-- Problem to solve --
A line below contains "(w2 + w3 * x0))", and a later one contains "using integral_vertical_edge_Pi_star_error[OF cp". Repeat both, with every line between them, exactly.

Input data Start Marker

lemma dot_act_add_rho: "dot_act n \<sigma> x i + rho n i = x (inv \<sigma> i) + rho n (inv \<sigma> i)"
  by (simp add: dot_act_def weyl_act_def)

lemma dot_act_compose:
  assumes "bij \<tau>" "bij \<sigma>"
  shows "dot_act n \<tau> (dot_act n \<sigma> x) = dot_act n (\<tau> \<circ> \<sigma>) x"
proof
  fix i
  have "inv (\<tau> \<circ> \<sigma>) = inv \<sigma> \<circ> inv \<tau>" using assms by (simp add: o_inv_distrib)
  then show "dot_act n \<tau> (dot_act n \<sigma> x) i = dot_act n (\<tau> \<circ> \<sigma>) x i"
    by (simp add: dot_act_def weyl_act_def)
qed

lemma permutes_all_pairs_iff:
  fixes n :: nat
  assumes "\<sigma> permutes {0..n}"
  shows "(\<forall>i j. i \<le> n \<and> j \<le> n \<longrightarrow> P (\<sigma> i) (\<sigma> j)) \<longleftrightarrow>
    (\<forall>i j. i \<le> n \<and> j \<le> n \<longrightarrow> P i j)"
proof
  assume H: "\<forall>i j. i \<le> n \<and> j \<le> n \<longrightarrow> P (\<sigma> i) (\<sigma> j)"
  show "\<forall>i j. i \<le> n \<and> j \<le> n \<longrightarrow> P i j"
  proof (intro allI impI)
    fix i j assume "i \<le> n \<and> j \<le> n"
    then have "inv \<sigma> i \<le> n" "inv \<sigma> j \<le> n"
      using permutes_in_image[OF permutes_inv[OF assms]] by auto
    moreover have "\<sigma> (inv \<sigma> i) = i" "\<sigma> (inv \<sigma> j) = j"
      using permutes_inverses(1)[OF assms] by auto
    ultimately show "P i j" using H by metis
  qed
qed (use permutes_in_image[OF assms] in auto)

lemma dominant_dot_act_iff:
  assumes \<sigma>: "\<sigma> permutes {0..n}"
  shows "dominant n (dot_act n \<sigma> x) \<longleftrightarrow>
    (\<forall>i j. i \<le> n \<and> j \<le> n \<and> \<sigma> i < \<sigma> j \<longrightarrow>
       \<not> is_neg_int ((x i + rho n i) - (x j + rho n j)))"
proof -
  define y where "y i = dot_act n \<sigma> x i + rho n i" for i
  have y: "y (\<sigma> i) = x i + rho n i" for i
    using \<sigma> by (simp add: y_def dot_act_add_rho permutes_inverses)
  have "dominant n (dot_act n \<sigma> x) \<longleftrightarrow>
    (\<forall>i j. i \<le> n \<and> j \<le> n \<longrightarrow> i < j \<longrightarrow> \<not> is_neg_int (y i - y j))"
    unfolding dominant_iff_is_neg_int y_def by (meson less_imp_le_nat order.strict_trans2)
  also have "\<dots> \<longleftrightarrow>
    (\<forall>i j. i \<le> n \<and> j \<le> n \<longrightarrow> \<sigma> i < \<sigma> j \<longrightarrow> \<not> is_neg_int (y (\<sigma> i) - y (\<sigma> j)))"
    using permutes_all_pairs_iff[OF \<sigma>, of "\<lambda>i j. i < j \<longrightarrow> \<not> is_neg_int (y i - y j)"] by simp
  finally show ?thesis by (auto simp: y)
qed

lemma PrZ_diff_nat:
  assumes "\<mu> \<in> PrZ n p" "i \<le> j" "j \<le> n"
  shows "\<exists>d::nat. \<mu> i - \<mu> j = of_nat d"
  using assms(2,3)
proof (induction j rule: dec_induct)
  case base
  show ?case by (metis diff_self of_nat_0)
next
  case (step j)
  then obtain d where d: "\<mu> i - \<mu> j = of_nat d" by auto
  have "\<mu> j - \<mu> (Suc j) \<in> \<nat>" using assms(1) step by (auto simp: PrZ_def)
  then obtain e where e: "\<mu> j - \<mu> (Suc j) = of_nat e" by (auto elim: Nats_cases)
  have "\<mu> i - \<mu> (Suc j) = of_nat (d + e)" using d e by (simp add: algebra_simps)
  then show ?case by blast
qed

Input data End Marker
Input data Start Marker

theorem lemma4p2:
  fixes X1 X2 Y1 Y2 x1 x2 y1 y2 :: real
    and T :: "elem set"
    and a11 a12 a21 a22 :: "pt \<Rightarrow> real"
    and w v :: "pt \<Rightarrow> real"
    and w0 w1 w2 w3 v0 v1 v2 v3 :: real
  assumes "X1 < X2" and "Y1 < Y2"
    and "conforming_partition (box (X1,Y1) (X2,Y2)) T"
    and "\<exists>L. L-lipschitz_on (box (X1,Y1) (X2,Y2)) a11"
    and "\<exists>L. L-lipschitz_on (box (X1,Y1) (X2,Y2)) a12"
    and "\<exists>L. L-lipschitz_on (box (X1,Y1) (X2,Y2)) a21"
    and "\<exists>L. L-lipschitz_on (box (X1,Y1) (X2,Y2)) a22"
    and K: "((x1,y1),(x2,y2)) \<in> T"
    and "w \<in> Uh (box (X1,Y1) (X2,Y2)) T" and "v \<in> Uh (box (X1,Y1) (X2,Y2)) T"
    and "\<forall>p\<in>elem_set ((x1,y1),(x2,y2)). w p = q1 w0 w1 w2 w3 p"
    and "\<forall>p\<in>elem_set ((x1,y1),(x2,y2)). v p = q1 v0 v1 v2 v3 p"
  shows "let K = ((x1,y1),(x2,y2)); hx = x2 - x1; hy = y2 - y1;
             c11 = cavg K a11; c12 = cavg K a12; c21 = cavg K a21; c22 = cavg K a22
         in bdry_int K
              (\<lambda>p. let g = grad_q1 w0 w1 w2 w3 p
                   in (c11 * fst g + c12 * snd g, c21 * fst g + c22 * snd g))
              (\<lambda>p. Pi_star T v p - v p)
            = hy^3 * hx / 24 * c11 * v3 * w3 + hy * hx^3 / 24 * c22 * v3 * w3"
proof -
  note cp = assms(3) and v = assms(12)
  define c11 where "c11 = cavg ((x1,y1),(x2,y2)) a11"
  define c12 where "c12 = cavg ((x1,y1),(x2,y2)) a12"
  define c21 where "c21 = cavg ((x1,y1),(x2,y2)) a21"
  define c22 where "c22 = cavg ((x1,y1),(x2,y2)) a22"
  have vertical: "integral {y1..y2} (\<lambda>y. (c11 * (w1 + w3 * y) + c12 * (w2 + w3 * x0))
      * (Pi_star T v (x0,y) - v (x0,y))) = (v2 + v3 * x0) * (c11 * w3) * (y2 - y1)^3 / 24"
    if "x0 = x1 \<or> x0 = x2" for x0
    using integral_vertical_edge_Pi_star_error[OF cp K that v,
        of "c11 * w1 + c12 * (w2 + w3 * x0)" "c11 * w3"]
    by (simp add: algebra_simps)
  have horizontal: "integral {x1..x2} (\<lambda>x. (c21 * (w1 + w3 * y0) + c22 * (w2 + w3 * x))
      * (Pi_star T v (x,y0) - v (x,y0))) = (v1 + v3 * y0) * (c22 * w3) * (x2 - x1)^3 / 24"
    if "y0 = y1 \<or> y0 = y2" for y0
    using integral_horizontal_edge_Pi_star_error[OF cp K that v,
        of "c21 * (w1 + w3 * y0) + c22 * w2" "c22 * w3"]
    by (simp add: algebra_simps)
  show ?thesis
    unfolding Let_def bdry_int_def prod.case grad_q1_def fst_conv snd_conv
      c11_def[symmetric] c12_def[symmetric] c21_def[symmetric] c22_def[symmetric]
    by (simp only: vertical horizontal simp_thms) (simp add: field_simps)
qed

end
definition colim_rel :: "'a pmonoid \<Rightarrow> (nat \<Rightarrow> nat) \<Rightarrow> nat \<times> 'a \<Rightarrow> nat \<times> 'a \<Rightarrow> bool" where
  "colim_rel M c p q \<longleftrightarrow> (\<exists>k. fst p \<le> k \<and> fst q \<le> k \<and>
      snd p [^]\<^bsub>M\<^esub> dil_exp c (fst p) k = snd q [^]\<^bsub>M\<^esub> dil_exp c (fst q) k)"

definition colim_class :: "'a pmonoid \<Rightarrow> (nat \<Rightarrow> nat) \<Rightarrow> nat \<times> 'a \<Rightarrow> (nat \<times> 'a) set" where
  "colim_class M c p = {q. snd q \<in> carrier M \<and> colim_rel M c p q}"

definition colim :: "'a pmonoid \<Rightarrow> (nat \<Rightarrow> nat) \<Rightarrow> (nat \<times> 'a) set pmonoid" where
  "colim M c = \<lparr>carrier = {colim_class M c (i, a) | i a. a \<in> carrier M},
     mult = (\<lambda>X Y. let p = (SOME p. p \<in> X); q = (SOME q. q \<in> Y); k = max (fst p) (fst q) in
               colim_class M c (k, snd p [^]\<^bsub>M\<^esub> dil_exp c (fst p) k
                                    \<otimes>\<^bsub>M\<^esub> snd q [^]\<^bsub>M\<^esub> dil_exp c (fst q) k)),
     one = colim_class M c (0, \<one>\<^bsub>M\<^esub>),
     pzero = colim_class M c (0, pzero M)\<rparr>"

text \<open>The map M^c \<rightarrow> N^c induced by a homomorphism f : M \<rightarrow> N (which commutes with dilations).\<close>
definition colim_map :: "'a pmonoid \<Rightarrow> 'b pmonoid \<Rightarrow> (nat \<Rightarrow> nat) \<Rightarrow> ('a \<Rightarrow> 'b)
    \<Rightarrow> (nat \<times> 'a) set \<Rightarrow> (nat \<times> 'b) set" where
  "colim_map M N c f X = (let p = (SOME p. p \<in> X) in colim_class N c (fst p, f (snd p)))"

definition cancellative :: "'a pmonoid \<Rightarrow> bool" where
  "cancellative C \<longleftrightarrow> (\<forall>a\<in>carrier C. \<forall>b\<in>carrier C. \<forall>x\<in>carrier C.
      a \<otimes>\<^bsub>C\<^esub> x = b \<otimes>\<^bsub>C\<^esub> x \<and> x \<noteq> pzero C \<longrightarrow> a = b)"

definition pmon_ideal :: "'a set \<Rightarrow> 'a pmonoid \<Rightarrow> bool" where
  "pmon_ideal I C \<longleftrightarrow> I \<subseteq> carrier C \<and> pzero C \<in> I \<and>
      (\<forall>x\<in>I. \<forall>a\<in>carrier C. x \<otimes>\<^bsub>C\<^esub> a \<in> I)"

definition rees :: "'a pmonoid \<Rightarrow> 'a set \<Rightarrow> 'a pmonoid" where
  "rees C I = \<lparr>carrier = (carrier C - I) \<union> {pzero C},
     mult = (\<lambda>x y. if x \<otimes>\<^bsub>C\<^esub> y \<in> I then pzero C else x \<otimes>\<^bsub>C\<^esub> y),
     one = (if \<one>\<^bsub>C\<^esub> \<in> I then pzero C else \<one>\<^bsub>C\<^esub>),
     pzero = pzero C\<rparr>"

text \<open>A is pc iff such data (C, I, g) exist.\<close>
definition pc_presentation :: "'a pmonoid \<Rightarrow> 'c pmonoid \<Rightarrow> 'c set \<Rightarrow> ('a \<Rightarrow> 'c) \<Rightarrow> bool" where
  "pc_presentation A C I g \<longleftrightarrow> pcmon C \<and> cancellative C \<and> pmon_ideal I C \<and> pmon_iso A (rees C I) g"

Input data End Marker

-- Result of the exercise --
  have vertical: "integral {y1..y2} (\<lambda>y. (c11 * (w1 + w3 * y) + c12 * (w2 + w3 * x0))
      * (Pi_star T v (x0,y) - v (x0,y))) = (v2 + v3 * x0) * (c11 * w3) * (y2 - y1)^3 / 24"
    if "x0 = x1 \<or> x0 = x2" for x0
    using integral_vertical_edge_Pi_star_error[OF cp K that v,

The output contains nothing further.